What the task requires
All that should appear is the run of lines from the one containing "using ik integral_row_dev_power4[of" through the end of the records, each repeated exactly.

----

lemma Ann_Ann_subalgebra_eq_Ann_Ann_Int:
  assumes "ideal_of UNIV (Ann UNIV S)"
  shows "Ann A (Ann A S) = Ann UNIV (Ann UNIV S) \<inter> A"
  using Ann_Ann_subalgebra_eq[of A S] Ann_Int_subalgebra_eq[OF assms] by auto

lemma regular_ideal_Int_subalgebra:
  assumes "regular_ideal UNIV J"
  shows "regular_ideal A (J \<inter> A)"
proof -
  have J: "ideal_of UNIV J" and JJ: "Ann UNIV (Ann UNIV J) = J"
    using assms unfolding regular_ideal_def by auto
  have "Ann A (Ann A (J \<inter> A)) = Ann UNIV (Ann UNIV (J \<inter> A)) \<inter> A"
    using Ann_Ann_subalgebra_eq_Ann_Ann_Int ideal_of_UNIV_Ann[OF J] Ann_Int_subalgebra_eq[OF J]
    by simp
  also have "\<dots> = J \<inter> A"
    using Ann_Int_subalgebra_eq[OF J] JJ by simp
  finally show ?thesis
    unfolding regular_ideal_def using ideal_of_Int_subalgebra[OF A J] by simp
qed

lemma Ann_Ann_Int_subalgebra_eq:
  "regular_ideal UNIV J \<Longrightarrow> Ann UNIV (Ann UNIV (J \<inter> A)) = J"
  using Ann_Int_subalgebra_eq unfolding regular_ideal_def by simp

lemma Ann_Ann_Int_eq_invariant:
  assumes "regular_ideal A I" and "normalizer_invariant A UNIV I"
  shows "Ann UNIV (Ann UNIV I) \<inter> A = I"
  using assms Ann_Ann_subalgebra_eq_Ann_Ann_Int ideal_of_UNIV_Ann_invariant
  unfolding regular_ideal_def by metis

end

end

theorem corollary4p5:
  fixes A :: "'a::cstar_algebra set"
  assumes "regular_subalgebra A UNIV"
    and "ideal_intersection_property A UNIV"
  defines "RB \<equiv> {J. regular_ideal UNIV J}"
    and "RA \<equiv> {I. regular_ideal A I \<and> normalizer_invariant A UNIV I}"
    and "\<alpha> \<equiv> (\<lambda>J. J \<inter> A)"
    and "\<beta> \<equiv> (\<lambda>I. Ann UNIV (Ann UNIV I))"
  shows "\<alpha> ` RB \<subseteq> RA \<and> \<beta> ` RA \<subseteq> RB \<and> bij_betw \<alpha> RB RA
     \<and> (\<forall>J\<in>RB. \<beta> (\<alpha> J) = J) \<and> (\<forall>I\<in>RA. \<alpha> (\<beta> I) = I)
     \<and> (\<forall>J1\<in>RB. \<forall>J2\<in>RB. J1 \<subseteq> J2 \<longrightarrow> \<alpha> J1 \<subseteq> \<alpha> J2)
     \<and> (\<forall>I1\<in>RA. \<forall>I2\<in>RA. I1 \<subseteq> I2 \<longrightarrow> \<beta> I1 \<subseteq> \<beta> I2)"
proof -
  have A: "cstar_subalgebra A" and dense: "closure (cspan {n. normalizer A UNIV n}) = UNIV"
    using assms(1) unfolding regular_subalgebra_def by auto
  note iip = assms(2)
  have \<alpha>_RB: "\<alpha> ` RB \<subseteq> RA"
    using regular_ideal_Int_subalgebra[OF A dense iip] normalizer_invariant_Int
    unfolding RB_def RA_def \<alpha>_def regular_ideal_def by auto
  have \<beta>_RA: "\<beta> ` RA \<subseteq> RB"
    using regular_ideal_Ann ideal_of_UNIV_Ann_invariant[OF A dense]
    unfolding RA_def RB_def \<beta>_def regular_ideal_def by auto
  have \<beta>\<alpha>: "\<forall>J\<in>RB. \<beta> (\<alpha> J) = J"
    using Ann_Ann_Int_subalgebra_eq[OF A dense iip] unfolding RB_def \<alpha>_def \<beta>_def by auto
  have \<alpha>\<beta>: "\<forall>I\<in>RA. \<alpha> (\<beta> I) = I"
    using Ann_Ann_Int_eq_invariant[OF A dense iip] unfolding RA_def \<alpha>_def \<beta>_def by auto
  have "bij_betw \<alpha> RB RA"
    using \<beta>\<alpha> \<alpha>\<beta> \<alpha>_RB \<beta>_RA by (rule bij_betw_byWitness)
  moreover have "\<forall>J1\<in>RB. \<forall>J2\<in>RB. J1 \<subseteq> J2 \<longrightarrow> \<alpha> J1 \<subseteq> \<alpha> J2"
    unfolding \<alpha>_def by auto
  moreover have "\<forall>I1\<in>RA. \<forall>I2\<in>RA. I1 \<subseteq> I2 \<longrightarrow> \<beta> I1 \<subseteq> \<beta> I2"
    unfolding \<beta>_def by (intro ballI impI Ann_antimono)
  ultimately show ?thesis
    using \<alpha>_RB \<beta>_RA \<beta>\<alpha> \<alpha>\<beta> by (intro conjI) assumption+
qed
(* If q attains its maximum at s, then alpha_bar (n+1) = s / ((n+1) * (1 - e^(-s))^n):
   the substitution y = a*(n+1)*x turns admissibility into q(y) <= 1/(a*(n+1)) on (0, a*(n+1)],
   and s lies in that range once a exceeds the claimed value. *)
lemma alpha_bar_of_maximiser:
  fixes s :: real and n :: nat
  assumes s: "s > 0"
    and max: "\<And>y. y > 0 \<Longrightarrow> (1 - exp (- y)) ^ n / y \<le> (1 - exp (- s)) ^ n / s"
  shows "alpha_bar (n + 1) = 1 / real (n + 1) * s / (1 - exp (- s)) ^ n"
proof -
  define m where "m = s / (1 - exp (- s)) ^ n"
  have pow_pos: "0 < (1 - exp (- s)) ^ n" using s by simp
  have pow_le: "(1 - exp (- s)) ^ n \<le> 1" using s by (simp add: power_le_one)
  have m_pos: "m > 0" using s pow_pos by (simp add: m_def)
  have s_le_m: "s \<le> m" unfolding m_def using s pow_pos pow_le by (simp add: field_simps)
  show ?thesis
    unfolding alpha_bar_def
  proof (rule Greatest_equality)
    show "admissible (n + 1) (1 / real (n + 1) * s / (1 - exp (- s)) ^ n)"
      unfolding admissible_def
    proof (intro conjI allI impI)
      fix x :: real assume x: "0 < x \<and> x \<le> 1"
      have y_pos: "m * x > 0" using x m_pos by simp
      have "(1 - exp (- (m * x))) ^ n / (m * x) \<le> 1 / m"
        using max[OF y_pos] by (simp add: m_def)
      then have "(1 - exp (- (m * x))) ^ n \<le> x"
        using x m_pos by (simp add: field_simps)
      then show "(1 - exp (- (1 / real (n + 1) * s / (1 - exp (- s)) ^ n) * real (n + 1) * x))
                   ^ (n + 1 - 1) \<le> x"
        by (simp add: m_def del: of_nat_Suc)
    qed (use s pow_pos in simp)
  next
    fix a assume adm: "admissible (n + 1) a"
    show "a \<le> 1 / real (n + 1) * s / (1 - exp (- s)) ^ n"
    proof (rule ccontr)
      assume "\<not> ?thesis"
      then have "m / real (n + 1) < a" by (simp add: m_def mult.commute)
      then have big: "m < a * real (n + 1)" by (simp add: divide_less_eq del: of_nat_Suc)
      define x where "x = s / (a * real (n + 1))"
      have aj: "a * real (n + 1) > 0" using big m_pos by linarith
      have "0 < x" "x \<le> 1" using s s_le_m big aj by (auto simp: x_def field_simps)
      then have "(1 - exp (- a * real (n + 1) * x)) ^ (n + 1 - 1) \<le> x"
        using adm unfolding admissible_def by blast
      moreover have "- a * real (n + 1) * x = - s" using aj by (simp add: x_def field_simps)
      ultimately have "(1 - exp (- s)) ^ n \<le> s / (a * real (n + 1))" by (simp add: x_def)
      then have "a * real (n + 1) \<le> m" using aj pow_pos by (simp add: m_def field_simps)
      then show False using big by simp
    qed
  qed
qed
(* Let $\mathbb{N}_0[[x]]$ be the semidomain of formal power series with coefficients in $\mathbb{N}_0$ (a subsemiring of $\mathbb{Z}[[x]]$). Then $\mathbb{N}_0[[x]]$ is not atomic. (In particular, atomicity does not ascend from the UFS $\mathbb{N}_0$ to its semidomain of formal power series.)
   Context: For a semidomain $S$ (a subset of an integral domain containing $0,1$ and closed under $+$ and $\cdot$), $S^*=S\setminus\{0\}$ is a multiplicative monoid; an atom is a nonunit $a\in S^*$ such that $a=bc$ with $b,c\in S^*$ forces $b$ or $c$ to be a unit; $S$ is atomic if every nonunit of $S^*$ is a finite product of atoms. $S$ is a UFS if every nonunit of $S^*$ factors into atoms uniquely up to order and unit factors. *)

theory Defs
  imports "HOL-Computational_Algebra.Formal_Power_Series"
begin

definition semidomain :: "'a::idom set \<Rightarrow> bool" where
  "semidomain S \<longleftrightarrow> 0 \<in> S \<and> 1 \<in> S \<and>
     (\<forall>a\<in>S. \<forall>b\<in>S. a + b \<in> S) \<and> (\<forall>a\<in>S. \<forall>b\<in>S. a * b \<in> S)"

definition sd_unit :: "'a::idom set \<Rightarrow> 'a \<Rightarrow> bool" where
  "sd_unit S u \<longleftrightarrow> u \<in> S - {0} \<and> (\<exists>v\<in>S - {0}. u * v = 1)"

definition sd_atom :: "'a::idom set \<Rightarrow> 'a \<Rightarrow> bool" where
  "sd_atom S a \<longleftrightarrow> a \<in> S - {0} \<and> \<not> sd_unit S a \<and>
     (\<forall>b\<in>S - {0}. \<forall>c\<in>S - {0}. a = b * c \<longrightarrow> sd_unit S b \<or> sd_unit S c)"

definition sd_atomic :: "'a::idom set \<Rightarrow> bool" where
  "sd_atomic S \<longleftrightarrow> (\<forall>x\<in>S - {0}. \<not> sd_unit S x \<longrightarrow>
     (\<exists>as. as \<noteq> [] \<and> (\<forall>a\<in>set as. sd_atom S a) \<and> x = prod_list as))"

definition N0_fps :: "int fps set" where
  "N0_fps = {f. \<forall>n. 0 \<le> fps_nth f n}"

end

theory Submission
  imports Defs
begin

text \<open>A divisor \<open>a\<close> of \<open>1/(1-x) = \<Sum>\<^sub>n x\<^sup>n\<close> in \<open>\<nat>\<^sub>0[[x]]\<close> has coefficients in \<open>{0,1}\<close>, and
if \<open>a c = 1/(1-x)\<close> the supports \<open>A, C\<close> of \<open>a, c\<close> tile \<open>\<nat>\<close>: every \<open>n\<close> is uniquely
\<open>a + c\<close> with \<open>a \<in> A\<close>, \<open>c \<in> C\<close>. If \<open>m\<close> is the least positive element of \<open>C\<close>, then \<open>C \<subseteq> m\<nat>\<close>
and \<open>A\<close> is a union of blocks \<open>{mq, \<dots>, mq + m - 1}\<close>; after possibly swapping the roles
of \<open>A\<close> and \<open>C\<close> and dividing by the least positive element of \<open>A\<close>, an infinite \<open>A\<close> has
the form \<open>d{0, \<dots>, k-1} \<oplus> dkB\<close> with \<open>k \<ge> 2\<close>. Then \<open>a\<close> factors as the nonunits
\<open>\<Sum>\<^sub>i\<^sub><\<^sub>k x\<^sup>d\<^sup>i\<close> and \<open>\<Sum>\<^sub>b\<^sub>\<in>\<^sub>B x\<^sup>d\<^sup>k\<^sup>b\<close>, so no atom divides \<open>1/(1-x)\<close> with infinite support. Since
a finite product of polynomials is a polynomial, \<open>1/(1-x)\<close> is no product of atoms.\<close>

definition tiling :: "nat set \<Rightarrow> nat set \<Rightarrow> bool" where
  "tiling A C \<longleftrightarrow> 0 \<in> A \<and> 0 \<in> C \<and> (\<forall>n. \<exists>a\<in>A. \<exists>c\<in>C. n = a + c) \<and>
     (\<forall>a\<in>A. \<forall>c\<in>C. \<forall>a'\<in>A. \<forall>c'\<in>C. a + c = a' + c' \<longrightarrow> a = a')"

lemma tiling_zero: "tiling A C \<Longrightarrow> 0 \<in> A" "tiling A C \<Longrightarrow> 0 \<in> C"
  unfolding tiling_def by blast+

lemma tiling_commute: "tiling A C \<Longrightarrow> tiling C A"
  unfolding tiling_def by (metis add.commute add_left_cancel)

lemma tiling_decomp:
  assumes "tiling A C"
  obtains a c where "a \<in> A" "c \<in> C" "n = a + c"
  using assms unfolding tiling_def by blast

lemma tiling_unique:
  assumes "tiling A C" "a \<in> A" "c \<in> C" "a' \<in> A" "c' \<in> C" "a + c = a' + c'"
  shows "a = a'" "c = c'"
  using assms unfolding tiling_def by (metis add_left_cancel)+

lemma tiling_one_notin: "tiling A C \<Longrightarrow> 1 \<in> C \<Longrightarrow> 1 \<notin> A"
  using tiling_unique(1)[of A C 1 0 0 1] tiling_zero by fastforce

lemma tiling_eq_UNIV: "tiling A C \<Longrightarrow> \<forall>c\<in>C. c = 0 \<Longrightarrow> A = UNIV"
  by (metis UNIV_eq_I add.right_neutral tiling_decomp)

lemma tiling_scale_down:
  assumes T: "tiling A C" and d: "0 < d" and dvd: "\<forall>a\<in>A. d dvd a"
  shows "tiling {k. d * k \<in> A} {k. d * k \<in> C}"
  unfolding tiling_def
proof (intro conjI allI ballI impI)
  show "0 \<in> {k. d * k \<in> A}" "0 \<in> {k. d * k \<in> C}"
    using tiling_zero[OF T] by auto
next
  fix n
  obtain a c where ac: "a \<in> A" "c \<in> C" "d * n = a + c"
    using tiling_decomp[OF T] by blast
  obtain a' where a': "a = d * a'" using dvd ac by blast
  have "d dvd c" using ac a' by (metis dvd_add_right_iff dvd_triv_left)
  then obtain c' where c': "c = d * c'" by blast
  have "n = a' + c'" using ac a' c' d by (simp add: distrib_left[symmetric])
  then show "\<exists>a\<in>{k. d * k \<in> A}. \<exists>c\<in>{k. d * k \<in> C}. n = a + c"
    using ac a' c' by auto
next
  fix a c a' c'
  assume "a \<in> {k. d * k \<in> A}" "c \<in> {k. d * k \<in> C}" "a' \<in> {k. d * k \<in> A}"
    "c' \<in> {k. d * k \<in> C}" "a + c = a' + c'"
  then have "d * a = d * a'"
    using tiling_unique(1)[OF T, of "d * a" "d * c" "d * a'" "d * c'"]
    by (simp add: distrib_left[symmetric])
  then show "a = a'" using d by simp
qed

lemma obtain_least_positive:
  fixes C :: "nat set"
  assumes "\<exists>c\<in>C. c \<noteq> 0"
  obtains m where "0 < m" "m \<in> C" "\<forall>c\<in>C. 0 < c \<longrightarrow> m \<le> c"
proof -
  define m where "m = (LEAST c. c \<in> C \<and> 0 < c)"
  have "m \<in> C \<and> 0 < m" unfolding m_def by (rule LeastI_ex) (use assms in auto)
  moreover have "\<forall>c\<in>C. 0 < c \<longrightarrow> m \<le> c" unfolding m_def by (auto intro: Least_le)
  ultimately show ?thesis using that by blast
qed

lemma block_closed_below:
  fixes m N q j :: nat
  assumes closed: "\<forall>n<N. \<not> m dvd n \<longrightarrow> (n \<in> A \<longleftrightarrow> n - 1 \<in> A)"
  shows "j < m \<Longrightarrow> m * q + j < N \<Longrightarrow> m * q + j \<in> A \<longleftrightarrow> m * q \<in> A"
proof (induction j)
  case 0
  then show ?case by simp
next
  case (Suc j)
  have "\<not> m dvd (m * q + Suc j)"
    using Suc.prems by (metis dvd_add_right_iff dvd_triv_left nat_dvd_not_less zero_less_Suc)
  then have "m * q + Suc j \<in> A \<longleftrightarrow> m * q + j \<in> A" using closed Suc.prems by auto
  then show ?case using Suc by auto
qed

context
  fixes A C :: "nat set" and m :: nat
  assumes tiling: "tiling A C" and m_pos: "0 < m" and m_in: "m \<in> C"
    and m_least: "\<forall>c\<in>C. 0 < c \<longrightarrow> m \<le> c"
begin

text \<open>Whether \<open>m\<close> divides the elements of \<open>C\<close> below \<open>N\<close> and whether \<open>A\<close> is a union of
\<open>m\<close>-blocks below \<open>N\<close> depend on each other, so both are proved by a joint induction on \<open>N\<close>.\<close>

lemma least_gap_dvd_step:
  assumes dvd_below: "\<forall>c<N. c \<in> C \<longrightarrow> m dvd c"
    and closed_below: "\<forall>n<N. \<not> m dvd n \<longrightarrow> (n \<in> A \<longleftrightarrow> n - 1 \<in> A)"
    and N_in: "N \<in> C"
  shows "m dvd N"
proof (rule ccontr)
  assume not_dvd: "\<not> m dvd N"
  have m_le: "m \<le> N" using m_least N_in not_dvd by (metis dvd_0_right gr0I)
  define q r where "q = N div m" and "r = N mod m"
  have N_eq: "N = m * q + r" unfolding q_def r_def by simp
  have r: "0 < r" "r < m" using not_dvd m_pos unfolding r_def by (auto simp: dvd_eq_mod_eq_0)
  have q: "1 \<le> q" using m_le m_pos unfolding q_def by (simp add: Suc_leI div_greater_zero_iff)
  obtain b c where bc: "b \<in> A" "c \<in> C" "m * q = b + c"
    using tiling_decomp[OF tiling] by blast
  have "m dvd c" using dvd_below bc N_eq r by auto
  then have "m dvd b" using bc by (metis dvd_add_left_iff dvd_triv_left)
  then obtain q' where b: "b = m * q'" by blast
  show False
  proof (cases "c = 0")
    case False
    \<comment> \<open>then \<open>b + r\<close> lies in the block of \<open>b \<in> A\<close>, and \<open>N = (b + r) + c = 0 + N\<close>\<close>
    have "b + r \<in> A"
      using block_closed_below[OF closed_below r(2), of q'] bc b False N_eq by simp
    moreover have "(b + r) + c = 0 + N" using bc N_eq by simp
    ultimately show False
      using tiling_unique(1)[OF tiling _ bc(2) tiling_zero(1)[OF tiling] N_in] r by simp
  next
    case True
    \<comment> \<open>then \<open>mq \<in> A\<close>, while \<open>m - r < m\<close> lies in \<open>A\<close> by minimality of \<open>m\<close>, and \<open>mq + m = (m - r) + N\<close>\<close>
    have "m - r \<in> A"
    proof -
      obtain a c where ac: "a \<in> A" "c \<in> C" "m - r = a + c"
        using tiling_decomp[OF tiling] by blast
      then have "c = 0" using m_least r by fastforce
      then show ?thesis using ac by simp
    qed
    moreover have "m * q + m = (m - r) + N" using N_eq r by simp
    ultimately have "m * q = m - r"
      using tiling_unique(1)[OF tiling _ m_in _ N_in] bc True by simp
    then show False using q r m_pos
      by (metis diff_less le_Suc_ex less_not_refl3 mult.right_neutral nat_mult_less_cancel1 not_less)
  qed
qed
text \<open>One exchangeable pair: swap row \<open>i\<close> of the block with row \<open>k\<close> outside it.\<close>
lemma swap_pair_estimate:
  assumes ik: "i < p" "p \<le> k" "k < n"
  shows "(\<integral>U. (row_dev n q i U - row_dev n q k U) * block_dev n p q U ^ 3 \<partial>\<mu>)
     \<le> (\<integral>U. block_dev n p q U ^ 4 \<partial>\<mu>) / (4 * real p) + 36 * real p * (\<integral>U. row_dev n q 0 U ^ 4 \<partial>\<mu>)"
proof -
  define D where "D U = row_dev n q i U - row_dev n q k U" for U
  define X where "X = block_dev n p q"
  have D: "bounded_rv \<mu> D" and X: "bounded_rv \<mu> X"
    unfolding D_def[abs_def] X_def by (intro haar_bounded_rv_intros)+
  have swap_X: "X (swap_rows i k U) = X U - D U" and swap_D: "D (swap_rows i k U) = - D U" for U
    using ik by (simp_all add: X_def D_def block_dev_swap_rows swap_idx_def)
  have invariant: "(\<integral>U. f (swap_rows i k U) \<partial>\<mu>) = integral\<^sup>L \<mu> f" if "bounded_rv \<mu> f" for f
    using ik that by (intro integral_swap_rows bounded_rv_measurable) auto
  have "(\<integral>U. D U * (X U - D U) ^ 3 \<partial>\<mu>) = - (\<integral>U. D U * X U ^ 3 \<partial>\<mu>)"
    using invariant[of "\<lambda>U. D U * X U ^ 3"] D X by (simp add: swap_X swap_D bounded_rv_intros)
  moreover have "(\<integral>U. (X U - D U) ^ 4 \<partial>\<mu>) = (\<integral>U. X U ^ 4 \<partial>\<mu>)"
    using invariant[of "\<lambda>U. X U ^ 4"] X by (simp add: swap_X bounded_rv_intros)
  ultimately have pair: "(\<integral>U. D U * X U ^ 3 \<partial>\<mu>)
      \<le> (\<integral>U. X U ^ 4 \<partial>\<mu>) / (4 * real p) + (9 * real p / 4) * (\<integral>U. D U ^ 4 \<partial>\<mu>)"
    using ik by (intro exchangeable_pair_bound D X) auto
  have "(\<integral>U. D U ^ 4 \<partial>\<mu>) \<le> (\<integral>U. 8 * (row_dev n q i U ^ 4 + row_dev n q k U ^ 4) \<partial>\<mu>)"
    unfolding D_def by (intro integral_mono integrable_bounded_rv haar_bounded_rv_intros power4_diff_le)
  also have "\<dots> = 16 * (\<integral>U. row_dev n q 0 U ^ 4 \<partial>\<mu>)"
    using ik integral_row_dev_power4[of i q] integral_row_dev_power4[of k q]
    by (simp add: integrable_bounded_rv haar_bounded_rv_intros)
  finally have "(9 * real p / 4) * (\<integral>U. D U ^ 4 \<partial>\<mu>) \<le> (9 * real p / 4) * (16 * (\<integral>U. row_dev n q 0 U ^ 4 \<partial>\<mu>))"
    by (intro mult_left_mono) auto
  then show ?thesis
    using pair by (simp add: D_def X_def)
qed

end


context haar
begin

----

Exercise result
    using ik integral_row_dev_power4[of i q] integral_row_dev_power4[of k q]
    by (simp add: integrable_bounded_rv haar_bounded_rv_intros)
  finally have "(9 * real p / 4) * (\<integral>U. D U ^ 4 \<partial>\<mu>) \<le> (9 * real p / 4) * (16 * (\<integral>U. row_dev n q 0 U ^ 4 \<partial>\<mu>))"
    by (intro mult_left_mono) auto
  then show ?thesis
    using pair by (simp add: D_def X_def)
qed

end


context haar
begin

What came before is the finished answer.